> _WHAT TO DO_
Using the data below, find how many lines include the word "close" and report that figure alone.

Data entries:
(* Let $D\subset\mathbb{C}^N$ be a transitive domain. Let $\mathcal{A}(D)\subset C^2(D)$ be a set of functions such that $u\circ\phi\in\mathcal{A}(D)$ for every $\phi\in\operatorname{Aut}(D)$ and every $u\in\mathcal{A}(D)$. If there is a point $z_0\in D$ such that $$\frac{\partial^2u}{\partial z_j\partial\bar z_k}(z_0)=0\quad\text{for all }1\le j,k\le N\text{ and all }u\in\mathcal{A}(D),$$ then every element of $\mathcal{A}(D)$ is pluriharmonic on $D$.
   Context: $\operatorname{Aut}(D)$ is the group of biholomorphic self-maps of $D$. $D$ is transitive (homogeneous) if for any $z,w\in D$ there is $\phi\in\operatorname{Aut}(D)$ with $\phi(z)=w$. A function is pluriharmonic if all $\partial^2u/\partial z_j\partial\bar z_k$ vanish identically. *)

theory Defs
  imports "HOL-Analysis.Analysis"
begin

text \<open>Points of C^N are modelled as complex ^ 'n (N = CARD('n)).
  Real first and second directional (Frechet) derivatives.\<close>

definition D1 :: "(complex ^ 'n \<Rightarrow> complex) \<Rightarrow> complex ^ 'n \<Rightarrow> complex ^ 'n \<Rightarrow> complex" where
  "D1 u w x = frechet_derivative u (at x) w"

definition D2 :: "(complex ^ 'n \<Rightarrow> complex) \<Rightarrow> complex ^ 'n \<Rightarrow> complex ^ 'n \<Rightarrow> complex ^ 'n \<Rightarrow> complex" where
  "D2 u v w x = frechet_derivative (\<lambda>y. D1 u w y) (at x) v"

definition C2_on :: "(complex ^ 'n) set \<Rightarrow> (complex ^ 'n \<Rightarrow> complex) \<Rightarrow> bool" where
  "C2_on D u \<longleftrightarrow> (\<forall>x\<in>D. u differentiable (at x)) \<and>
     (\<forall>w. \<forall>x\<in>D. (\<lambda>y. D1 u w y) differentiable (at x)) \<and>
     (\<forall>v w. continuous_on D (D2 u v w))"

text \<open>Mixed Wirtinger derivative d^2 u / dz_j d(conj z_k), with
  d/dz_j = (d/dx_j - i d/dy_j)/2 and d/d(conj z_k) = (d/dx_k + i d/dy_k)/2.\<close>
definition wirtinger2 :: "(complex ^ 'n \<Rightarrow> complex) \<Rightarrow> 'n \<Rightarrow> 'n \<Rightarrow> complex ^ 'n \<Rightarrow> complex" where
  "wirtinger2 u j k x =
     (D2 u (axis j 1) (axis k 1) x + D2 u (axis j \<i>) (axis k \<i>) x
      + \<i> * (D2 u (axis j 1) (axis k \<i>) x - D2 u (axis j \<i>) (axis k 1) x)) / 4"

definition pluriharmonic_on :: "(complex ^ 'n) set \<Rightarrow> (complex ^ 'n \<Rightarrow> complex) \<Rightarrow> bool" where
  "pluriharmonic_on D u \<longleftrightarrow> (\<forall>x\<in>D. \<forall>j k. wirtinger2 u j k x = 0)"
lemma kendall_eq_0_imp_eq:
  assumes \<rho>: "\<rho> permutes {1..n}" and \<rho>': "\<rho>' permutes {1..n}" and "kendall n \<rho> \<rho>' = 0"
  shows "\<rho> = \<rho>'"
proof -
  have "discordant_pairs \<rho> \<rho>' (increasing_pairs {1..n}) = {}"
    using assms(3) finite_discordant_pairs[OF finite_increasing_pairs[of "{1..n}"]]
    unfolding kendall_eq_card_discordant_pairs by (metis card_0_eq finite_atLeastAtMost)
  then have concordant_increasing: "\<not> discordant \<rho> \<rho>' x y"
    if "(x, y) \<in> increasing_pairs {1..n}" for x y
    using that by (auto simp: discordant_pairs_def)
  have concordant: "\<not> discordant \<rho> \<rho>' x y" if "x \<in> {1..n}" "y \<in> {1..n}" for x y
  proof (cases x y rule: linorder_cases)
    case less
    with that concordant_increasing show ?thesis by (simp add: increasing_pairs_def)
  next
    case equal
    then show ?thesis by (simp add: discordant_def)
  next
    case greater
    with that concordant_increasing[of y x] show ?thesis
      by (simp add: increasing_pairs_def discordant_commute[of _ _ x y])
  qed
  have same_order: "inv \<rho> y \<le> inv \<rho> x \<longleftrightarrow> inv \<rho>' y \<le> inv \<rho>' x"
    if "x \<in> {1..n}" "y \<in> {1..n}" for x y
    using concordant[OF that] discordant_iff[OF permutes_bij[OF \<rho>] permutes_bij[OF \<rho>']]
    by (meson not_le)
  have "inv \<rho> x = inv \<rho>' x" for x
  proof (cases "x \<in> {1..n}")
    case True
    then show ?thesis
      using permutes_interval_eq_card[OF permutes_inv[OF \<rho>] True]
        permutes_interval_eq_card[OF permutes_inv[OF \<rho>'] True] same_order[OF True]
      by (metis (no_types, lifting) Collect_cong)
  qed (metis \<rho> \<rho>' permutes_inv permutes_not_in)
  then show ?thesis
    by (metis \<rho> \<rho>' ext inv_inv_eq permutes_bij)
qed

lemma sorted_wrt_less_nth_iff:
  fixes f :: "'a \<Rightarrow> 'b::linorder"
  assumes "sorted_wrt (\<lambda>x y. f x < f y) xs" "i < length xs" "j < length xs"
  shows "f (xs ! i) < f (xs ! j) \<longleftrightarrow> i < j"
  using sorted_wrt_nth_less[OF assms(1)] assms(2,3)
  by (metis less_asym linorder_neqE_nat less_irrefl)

> _RESULT OF THE EXERCISE_
2